Raw data Start Marker

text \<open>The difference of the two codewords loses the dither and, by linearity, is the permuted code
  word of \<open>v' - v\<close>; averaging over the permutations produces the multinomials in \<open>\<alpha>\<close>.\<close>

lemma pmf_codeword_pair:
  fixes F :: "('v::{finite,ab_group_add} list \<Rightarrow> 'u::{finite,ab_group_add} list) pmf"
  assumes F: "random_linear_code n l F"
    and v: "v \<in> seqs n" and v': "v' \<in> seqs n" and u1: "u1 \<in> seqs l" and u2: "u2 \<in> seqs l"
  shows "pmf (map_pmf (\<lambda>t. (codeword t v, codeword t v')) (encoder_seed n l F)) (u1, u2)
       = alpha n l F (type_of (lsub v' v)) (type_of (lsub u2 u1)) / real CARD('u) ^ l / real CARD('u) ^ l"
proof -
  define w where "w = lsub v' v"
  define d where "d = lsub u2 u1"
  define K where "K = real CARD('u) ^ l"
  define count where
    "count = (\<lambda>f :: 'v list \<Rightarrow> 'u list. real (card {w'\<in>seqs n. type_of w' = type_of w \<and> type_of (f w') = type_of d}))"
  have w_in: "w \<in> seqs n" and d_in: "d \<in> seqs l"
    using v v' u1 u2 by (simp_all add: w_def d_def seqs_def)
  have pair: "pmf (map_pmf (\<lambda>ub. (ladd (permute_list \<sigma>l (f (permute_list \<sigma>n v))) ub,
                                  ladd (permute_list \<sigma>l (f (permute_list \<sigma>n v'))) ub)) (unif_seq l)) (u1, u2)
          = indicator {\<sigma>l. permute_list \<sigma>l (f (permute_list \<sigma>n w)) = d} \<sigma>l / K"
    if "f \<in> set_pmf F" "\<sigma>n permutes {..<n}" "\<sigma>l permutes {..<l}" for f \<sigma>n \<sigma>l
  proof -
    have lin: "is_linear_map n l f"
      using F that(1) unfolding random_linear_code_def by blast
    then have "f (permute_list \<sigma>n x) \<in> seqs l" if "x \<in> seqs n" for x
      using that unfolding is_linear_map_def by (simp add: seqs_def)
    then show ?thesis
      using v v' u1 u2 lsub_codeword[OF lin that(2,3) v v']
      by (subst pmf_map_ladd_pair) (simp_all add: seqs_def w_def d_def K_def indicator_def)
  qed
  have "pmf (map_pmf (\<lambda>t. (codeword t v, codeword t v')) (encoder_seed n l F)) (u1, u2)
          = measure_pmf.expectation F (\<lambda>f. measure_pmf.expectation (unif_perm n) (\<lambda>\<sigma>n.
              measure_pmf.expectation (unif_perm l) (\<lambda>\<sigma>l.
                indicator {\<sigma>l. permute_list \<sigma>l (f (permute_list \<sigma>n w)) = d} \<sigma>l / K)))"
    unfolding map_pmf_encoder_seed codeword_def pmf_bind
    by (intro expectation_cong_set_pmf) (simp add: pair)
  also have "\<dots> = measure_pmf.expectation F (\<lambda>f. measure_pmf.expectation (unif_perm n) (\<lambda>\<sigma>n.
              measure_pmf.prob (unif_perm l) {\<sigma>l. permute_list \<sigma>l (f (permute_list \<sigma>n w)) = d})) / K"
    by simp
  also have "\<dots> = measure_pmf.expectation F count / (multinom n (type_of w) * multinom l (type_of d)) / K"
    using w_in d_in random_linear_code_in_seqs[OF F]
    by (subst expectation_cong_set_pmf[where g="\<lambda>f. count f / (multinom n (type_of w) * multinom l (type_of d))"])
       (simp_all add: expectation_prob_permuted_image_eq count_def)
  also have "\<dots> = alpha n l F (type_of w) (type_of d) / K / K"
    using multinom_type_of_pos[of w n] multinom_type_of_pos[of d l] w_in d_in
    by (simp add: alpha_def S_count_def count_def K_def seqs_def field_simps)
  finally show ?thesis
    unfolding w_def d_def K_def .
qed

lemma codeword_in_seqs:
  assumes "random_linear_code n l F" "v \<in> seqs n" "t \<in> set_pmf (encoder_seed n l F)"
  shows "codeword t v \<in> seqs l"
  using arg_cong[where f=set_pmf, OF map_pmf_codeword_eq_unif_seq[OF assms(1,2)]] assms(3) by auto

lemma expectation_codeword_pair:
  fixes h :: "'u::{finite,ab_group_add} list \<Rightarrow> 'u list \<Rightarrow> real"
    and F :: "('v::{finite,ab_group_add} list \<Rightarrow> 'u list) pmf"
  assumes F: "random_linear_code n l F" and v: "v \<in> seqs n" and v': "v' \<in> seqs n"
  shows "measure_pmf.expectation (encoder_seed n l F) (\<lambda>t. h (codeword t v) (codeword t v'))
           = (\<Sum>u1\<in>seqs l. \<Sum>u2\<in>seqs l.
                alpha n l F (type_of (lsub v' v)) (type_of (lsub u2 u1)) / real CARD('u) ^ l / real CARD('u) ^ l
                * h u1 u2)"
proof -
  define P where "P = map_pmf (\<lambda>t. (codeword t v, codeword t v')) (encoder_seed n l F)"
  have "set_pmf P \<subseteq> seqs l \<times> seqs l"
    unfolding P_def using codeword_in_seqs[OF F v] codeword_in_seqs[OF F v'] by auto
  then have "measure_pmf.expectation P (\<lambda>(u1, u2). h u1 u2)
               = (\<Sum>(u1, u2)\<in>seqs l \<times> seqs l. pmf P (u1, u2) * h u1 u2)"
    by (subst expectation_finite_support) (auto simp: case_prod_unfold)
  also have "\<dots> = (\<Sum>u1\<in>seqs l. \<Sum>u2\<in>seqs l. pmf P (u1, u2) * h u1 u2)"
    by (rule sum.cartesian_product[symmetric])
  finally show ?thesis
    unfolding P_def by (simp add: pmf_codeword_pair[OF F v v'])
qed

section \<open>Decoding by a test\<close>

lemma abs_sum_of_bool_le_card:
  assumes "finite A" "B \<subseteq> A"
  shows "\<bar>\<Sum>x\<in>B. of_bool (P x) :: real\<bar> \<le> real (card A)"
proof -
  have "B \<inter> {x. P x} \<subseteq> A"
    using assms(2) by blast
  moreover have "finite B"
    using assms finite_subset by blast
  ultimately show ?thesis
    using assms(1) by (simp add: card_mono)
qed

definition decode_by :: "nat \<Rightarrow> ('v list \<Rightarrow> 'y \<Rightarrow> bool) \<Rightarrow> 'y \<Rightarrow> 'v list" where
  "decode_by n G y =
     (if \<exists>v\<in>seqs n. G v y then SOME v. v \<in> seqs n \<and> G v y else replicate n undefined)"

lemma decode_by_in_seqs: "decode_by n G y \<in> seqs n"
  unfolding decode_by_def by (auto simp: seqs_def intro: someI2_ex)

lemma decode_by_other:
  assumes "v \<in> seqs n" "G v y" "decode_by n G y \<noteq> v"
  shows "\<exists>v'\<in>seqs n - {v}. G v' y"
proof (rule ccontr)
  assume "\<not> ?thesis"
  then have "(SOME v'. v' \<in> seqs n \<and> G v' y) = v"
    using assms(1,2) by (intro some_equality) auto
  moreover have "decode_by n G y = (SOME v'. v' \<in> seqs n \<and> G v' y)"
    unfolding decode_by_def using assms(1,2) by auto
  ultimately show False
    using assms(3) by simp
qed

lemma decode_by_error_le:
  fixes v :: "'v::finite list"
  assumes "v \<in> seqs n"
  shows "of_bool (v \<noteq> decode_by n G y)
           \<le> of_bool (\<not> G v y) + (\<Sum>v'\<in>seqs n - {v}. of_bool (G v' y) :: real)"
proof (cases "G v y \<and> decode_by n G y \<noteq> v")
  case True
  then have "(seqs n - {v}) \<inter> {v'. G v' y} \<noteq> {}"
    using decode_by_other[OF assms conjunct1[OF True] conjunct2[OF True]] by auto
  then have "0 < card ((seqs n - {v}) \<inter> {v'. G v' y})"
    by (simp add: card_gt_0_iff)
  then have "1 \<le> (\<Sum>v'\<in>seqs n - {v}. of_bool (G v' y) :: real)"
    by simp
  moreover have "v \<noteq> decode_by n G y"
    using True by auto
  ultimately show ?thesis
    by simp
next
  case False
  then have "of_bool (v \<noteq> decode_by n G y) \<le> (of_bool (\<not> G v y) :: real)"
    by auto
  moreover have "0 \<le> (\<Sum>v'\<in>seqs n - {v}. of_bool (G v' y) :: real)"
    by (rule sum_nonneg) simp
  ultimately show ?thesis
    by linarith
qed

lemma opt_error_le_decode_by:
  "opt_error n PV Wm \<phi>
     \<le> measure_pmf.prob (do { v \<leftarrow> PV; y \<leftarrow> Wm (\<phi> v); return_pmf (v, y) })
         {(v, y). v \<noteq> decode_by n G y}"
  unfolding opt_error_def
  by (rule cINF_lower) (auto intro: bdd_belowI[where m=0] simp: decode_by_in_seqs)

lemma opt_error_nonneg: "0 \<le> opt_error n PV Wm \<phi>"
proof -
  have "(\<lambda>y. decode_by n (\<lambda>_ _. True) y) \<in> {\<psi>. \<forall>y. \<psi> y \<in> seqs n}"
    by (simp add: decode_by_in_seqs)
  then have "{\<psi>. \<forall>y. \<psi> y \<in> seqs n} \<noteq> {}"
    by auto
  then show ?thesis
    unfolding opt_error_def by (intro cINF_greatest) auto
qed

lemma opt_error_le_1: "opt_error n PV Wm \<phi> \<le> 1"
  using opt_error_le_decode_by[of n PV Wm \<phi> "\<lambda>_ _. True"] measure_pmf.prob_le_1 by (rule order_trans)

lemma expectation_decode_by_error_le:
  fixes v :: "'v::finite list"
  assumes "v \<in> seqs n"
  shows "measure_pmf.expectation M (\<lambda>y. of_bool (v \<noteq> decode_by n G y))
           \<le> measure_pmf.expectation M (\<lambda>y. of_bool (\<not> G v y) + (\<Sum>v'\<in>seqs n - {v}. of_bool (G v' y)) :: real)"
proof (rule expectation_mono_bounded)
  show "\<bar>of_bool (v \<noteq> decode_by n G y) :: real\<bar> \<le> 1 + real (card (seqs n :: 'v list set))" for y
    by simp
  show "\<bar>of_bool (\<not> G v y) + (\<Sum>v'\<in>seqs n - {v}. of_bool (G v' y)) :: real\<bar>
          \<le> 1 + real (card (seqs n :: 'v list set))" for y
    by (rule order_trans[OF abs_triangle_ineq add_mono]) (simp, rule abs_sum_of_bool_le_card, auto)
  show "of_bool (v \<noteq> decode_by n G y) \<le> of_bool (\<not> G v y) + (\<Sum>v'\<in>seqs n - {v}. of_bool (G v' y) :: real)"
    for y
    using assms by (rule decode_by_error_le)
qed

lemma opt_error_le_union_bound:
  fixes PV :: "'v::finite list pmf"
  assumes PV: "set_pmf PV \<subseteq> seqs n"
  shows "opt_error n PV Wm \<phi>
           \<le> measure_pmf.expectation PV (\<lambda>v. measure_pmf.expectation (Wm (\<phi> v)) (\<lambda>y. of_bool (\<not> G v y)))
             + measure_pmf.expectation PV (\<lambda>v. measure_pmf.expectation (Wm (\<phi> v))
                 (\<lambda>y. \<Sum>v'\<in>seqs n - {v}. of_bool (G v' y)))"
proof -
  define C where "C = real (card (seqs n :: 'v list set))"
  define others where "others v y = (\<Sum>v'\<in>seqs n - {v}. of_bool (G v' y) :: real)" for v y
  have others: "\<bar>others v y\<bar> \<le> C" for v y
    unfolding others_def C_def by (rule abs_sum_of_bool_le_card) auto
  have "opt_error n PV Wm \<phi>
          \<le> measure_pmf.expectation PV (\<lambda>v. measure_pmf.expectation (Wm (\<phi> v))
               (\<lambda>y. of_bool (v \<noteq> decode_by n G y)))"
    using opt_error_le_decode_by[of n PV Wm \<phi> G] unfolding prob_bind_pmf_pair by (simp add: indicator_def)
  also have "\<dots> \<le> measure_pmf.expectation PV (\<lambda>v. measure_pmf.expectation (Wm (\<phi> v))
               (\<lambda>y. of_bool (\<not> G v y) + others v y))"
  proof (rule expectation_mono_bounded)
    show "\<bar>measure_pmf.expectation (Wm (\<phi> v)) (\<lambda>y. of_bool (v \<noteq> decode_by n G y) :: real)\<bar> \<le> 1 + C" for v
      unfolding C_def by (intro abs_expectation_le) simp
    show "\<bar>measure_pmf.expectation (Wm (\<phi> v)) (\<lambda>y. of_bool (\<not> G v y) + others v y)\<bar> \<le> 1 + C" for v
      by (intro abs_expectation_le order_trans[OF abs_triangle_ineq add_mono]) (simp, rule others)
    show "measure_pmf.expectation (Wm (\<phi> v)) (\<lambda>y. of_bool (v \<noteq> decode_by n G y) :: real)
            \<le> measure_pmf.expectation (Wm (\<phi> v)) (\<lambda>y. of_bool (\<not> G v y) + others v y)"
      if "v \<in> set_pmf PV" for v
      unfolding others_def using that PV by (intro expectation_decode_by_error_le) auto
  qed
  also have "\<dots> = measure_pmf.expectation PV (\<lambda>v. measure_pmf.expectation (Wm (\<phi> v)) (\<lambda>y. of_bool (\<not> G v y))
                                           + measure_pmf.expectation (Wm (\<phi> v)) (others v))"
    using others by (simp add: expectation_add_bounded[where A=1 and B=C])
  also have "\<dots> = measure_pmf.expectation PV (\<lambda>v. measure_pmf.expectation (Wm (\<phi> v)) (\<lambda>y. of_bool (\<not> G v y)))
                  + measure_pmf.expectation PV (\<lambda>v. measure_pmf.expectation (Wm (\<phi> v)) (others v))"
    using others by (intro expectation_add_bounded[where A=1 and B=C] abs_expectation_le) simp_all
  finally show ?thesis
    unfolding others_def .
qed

Raw data End Marker

» **Your task**
Write down exactly the span of lines above from the one containing "using True by auto" to the one containing "y). v \<noteq>", both ends included.

» **Your solution**
    using True by auto
  ultimately show ?thesis
    by simp
next
  case False
  then have "of_bool (v \<noteq> decode_by n G y) \<le> (of_bool (\<not> G v y) :: real)"
    by auto
  moreover have "0 \<le> (\<Sum>v'\<in>seqs n - {v}. of_bool (G v' y) :: real)"
    by (rule sum_nonneg) simp
  ultimately show ?thesis
    by linarith
qed

lemma opt_error_le_decode_by:
  "opt_error n PV Wm \<phi>
     \<le> measure_pmf.prob (do { v \<leftarrow> PV; y \<leftarrow> Wm (\<phi> v); return_pmf (v, y) })
         {(v, y). v \<noteq> decode_by n G y}"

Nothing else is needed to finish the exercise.